◆ **WHAT YOU WILL DO**
In the listing below, locate the line that contains "l \<in> borel_measurable" and the line that contains "(\<Sum>l. ennreal (integral\<^sup>L". Restate word for word those two lines and every line between them, and nothing else.

◆ **STORED DATA**
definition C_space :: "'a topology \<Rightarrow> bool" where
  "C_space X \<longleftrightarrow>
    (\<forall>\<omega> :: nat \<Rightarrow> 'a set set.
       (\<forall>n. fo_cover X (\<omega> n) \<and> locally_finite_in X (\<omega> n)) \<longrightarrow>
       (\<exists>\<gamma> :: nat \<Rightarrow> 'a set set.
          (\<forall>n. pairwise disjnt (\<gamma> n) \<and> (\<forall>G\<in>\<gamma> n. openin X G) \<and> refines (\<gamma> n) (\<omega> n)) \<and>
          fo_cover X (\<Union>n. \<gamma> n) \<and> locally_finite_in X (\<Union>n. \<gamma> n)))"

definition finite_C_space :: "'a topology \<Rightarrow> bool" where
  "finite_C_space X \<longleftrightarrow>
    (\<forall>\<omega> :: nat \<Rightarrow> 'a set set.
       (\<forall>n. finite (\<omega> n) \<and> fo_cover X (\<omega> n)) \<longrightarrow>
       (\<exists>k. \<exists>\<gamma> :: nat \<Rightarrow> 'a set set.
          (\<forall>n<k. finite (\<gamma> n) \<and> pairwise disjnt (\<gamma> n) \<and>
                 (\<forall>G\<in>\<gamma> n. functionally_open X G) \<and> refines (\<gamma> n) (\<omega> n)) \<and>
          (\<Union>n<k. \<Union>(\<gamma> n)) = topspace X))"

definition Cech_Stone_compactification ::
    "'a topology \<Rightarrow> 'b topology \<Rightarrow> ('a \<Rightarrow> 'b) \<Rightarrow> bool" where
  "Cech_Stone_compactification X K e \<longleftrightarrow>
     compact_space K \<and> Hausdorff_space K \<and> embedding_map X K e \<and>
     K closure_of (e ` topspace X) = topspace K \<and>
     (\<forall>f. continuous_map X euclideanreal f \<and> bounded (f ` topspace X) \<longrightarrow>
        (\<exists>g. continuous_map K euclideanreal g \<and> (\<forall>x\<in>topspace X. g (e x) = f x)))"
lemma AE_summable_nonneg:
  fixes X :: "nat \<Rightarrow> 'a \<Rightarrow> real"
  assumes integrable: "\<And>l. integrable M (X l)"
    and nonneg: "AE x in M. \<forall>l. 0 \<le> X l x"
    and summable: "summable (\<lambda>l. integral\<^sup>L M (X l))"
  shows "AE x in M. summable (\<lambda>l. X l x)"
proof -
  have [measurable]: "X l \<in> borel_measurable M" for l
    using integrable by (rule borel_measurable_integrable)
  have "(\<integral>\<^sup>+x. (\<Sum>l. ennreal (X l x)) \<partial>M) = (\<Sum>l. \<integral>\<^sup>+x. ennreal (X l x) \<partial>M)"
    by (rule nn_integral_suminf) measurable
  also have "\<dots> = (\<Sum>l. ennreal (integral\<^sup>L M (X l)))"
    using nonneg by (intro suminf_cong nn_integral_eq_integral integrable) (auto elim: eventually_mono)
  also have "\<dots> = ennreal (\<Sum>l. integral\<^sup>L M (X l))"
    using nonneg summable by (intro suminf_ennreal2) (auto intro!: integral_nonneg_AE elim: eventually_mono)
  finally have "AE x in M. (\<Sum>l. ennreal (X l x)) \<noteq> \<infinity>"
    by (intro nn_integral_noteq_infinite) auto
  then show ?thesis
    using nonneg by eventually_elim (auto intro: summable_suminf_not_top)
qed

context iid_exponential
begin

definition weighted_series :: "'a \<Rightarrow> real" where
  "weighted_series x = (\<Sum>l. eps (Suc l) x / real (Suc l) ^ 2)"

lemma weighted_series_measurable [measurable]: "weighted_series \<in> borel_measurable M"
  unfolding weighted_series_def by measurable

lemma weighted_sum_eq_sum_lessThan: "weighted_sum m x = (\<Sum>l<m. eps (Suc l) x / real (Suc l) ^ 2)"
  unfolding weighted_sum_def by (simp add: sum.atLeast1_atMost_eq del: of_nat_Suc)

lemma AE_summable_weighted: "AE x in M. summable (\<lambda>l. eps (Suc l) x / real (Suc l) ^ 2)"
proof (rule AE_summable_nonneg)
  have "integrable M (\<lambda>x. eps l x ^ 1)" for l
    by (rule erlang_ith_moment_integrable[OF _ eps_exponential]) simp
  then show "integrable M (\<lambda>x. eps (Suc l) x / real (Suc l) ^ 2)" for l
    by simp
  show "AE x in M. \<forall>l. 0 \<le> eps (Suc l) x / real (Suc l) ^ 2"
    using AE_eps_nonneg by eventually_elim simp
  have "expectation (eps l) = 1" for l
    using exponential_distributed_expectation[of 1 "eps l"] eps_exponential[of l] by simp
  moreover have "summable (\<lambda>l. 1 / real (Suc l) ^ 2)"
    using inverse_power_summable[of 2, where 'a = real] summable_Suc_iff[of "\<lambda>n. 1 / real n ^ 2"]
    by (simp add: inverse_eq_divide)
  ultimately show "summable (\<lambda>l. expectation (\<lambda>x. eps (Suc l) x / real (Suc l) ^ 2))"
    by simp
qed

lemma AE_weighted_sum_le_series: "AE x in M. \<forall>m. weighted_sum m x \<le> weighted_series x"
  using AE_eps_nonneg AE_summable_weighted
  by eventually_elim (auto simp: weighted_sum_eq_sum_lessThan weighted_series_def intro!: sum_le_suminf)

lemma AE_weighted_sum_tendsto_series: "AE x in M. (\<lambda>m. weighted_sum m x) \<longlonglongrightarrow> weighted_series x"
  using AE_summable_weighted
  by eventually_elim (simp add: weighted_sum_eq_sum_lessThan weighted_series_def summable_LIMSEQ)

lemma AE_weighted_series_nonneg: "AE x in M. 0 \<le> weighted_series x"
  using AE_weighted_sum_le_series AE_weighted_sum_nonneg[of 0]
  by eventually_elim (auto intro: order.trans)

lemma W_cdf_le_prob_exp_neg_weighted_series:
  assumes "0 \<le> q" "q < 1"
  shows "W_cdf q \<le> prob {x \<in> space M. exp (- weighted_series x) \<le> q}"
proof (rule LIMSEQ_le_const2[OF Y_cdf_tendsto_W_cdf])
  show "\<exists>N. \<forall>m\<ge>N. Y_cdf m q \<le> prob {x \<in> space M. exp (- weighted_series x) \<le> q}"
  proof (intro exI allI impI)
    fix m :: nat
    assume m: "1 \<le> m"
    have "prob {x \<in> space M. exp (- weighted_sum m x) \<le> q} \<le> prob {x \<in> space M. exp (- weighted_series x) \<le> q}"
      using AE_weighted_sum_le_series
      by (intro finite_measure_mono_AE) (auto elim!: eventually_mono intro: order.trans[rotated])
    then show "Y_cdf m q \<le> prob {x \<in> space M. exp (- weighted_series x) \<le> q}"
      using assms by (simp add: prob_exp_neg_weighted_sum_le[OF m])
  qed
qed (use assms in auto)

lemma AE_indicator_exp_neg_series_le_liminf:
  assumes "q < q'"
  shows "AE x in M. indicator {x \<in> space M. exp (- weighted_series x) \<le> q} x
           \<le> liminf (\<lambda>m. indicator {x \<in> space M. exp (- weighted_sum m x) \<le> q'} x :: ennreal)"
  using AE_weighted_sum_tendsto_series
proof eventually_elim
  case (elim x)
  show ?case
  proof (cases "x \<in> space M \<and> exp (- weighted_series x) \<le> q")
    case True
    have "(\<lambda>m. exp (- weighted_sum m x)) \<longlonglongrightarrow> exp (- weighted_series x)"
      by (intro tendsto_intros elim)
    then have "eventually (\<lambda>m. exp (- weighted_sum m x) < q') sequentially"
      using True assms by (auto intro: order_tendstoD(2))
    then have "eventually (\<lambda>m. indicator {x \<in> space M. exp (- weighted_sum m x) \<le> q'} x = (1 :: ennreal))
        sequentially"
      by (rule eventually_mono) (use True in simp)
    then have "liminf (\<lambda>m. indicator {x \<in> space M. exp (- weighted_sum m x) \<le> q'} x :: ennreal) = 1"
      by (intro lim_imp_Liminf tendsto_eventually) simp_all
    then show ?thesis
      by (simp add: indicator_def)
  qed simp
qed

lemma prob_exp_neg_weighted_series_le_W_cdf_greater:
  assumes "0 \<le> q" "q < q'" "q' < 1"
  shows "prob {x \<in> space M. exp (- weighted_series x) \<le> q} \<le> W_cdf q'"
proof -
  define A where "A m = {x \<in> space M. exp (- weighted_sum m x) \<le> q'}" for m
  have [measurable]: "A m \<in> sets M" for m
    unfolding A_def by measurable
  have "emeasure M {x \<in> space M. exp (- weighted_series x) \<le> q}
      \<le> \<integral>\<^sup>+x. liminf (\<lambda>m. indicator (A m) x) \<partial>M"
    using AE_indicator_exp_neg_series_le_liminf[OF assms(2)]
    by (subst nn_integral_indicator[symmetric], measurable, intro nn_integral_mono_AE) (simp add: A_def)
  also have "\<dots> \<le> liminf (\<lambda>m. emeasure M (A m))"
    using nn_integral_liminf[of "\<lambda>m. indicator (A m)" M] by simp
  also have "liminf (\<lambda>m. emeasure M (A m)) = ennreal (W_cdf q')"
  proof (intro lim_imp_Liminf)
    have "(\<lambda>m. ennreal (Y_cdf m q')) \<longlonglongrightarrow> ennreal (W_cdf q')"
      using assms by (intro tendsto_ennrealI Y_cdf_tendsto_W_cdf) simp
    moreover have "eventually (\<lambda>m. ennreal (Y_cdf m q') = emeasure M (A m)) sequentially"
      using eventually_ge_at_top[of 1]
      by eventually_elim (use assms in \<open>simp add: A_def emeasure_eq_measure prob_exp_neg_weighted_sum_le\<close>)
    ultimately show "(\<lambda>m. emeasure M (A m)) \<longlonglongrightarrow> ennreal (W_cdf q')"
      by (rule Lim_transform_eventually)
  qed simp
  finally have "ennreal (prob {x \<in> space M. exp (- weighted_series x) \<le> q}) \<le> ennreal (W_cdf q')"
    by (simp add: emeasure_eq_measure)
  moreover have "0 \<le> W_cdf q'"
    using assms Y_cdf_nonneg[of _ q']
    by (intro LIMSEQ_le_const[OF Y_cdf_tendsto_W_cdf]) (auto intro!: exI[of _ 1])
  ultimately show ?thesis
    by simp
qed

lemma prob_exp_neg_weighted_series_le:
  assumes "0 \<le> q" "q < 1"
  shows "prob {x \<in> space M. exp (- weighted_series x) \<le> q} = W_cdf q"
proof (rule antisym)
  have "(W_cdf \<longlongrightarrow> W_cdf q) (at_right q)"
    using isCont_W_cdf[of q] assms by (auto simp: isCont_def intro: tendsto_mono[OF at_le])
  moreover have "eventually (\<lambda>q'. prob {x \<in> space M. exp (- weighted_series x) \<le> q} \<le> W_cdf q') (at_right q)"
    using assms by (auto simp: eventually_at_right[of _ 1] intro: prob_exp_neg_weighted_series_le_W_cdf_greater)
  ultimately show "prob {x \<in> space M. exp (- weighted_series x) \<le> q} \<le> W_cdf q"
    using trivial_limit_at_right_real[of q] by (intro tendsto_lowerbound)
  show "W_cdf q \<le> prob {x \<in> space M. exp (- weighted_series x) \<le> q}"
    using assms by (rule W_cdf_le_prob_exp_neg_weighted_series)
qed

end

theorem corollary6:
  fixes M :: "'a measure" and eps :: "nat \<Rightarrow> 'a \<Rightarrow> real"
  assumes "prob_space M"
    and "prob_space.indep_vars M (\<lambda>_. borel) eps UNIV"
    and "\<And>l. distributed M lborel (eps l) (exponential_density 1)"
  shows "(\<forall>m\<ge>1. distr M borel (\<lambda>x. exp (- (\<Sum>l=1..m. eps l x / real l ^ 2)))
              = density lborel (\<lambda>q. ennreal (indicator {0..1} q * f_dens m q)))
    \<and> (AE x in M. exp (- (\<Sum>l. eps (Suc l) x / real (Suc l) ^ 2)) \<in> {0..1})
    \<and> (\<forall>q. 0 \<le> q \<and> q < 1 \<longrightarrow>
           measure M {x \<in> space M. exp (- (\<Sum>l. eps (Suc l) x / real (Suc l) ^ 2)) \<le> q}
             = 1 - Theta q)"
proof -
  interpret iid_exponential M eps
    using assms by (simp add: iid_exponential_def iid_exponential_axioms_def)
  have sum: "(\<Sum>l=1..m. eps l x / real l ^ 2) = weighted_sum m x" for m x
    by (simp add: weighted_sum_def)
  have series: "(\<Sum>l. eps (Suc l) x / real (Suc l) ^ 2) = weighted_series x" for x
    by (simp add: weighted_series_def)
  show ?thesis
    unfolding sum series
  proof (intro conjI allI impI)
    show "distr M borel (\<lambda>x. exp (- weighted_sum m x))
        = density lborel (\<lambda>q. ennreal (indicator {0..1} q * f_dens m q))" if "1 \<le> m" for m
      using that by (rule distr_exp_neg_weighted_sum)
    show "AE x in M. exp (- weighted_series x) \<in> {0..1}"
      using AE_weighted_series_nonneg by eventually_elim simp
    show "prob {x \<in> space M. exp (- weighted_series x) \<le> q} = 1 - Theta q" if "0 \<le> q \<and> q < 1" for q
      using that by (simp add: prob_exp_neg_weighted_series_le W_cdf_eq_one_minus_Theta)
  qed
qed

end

◆ **ANSWER TO THIS TASK**
  have [measurable]: "X l \<in> borel_measurable M" for l
    using integrable by (rule borel_measurable_integrable)
  have "(\<integral>\<^sup>+x. (\<Sum>l. ennreal (X l x)) \<partial>M) = (\<Sum>l. \<integral>\<^sup>+x. ennreal (X l x) \<partial>M)"
    by (rule nn_integral_suminf) measurable
  also have "\<dots> = (\<Sum>l. ennreal (integral\<^sup>L M (X l)))"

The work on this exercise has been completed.